Return, exactly and in full, the lines of the records below starting at the one with "in D. z \<in>" and ending at the one with "using g by (auto", and no other lines.

Collected data:
━━━━
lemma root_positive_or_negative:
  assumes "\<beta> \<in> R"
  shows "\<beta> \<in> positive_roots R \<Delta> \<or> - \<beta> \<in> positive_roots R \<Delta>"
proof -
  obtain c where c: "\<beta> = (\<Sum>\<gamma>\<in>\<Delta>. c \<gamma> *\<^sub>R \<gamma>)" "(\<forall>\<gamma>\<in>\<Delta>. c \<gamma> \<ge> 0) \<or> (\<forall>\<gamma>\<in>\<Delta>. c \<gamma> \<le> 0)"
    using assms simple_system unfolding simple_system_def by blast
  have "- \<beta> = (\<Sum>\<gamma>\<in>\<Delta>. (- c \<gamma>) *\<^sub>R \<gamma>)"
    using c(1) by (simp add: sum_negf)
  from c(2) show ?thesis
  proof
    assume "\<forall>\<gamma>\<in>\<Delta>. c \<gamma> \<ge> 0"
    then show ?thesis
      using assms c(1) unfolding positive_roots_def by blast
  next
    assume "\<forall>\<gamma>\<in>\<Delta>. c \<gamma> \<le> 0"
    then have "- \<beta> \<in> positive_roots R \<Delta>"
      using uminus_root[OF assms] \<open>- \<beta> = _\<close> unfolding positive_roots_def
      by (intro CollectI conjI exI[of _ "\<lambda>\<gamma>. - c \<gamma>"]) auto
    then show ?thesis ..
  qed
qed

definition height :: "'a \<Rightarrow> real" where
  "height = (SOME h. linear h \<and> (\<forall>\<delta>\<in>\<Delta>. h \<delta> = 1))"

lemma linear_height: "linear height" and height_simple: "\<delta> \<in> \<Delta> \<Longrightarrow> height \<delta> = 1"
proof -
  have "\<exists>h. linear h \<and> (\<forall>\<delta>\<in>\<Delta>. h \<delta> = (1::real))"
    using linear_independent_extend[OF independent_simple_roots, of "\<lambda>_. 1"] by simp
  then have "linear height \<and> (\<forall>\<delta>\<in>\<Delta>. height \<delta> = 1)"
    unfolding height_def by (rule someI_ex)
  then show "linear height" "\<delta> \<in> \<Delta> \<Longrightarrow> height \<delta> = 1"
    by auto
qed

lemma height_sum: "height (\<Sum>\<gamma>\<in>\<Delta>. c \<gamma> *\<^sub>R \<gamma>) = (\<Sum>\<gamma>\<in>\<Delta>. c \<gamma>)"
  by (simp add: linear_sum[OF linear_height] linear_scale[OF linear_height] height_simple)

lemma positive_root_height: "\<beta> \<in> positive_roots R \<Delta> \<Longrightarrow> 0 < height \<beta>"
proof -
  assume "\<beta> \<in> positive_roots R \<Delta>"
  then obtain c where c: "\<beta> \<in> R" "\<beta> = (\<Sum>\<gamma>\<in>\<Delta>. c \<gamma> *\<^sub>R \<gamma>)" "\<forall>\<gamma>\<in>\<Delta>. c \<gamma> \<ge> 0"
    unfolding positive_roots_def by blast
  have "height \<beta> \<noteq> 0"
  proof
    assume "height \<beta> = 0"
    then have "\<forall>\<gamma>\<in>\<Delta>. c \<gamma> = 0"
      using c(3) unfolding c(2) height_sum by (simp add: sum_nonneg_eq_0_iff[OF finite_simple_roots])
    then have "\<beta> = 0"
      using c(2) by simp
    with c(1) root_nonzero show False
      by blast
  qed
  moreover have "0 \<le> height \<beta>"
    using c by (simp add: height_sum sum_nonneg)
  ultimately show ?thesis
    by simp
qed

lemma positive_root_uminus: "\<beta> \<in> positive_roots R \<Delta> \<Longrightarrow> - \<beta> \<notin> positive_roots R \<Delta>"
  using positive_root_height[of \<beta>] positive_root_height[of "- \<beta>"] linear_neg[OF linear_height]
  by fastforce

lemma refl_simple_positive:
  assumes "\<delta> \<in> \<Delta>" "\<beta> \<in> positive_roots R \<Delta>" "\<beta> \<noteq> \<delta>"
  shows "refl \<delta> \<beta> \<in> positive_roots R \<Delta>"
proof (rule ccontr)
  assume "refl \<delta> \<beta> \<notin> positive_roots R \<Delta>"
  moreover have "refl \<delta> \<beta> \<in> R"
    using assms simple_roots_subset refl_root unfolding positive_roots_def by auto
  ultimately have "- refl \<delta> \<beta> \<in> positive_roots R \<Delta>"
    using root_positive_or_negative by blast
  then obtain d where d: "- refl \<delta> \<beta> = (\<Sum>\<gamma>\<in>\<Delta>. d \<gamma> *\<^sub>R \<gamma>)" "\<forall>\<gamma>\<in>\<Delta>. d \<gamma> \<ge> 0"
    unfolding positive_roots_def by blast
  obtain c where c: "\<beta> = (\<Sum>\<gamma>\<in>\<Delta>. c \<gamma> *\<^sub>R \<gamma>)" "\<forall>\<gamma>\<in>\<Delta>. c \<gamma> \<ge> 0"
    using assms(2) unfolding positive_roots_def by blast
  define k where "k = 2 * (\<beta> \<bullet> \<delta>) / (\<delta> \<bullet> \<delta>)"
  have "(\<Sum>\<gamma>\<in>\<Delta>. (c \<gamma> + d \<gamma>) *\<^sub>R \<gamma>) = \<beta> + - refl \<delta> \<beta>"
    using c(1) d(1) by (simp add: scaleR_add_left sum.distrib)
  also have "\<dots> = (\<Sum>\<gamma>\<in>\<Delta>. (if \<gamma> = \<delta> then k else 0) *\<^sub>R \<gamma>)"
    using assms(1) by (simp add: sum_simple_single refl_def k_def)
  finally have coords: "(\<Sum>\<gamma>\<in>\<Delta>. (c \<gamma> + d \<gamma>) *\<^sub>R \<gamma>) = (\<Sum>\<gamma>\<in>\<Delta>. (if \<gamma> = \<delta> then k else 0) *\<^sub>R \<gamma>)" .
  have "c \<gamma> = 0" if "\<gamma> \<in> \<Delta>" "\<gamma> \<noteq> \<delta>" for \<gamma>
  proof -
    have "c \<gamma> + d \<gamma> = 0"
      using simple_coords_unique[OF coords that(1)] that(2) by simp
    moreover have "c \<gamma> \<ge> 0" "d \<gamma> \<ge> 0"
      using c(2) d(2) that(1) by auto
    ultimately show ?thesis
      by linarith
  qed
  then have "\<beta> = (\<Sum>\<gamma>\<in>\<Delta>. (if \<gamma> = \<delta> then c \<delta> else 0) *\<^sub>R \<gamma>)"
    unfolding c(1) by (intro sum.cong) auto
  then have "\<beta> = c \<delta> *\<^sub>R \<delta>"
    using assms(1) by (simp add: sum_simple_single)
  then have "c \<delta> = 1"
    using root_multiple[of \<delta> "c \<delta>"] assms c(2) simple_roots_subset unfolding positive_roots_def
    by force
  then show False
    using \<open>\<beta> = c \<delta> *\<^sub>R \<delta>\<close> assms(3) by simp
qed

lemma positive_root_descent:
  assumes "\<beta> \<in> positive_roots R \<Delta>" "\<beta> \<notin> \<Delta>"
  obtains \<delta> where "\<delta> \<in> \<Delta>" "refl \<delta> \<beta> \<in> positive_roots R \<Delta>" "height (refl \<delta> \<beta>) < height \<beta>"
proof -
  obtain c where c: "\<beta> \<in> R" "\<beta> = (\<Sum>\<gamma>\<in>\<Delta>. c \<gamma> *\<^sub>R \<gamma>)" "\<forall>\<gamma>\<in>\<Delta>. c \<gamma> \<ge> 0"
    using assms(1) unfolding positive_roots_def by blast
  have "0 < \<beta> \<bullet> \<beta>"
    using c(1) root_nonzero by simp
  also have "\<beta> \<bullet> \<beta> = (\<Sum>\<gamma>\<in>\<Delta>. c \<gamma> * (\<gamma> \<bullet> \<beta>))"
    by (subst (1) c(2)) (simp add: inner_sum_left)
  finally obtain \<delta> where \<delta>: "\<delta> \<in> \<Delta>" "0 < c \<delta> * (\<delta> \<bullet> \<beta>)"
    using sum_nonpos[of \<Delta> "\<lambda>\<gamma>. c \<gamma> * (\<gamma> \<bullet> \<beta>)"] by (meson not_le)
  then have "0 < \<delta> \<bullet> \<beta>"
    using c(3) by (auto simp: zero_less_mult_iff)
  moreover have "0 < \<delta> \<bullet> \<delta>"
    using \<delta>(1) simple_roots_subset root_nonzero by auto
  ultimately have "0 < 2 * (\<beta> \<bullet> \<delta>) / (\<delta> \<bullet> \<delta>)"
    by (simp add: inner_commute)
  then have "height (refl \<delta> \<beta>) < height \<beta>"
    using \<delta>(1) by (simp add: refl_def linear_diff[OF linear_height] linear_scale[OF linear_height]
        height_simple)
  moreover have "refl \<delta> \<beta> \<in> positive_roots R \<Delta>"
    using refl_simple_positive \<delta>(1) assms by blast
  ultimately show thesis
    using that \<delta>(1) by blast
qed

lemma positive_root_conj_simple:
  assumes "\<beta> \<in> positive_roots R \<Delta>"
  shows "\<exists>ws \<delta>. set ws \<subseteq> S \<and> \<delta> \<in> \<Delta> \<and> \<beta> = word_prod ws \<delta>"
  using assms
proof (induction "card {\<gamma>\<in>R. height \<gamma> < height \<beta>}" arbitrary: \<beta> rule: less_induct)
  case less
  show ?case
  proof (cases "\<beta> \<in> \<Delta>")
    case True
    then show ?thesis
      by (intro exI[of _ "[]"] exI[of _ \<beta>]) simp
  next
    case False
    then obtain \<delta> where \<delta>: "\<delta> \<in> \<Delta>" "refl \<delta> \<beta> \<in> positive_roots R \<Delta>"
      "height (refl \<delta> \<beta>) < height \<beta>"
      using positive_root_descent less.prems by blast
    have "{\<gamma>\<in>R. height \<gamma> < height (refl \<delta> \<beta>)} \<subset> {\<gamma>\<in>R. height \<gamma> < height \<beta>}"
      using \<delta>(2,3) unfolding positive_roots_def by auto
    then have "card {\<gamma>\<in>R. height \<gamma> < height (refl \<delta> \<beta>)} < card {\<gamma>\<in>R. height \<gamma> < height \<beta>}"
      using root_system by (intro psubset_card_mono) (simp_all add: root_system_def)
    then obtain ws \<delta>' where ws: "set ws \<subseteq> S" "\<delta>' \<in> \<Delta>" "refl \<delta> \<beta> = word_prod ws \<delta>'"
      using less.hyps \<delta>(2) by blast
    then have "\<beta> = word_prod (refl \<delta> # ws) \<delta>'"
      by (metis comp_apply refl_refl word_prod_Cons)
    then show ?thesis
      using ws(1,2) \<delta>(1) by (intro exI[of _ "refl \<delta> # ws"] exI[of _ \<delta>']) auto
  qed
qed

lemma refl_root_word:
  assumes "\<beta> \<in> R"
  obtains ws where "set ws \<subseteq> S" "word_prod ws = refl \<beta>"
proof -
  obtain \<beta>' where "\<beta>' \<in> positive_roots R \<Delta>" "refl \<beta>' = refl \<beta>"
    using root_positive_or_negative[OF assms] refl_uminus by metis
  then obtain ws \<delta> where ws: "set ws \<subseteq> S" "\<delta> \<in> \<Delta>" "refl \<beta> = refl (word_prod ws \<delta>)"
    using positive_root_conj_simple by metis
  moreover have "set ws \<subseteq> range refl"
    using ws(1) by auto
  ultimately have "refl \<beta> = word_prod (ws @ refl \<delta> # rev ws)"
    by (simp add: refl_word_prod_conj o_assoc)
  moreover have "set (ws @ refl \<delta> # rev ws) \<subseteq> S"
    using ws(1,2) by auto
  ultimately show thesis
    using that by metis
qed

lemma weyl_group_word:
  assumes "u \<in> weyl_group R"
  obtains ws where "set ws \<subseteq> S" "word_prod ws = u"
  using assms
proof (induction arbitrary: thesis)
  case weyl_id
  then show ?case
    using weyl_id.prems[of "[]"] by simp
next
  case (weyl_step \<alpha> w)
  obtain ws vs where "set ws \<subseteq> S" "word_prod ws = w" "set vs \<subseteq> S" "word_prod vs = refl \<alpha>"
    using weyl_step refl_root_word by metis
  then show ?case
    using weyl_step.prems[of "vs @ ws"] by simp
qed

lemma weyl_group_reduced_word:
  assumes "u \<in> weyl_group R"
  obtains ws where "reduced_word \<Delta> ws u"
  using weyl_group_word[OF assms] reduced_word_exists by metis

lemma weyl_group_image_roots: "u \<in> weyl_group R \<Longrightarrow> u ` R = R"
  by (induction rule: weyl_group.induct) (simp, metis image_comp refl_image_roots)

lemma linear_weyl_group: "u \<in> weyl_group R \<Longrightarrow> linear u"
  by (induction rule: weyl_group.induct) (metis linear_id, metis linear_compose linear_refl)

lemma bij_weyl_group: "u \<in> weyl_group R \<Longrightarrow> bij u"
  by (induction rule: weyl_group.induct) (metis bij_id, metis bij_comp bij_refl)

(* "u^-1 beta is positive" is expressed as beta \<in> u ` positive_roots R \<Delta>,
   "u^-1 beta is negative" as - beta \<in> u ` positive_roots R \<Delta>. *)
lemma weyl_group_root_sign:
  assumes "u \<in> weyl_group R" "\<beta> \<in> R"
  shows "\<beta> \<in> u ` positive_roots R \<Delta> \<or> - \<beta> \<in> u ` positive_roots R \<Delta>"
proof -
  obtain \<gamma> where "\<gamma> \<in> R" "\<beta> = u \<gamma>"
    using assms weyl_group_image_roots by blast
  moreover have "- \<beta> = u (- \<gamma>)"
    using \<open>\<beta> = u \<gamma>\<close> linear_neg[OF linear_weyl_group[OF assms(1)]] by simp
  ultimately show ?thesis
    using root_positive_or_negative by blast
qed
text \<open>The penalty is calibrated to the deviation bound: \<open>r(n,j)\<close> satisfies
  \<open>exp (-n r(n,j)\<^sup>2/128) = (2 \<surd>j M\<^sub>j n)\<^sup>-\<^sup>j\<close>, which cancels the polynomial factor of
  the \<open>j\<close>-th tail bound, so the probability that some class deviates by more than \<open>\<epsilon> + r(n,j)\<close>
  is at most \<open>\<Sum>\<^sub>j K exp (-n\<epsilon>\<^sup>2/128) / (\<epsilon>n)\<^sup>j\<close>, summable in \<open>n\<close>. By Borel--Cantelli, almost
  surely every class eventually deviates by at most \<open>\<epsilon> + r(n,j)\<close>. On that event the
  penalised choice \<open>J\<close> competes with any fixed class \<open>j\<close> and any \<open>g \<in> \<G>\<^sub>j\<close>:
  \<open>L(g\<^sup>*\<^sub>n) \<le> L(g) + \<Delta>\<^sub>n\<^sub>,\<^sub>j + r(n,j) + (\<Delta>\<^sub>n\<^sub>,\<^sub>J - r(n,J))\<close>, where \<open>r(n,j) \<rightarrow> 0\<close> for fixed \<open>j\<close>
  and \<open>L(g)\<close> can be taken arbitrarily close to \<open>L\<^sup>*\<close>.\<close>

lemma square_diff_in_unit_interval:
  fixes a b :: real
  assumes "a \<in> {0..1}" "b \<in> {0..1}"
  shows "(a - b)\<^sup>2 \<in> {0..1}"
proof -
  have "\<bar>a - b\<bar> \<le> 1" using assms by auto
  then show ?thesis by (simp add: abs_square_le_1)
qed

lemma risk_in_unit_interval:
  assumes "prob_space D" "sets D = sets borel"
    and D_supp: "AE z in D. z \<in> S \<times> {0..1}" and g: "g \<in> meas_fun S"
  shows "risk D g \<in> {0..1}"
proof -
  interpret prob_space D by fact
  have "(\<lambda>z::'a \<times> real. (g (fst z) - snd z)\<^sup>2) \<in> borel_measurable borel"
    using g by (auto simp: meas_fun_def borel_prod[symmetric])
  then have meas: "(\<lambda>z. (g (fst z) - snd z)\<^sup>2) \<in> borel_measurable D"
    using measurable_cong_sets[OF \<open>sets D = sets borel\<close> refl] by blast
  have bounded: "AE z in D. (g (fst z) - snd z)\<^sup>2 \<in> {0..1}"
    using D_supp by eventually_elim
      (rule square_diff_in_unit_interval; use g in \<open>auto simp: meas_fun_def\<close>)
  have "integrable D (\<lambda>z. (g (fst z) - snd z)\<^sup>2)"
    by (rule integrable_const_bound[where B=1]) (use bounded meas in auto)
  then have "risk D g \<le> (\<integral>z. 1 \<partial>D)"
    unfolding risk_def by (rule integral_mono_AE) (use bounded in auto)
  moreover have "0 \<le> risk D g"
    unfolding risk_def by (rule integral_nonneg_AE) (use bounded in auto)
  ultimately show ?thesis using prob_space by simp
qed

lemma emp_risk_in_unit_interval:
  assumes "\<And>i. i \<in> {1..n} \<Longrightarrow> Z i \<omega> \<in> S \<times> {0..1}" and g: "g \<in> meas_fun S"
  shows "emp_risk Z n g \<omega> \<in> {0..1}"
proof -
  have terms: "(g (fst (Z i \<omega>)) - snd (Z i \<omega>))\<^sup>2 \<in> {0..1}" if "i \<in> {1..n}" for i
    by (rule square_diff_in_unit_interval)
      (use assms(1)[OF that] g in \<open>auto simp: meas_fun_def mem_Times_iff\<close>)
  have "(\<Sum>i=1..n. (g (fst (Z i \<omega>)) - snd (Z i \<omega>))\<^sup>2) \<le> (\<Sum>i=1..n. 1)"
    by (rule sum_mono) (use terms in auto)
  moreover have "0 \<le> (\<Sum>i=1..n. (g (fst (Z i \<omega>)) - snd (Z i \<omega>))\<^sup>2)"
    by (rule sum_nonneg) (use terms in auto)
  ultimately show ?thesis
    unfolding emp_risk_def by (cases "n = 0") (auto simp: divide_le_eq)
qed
━━━━
__ANSWER AREA__.
    and D_supp: "AE z in D. z \<in> S \<times> {0..1}" and g: "g \<in> meas_fun S"
  shows "risk D g \<in> {0..1}"
proof -
  interpret prob_space D by fact
  have "(\<lambda>z::'a \<times> real. (g (fst z) - snd z)\<^sup>2) \<in> borel_measurable borel"
    using g by (auto simp: meas_fun_def borel_prod[symmetric])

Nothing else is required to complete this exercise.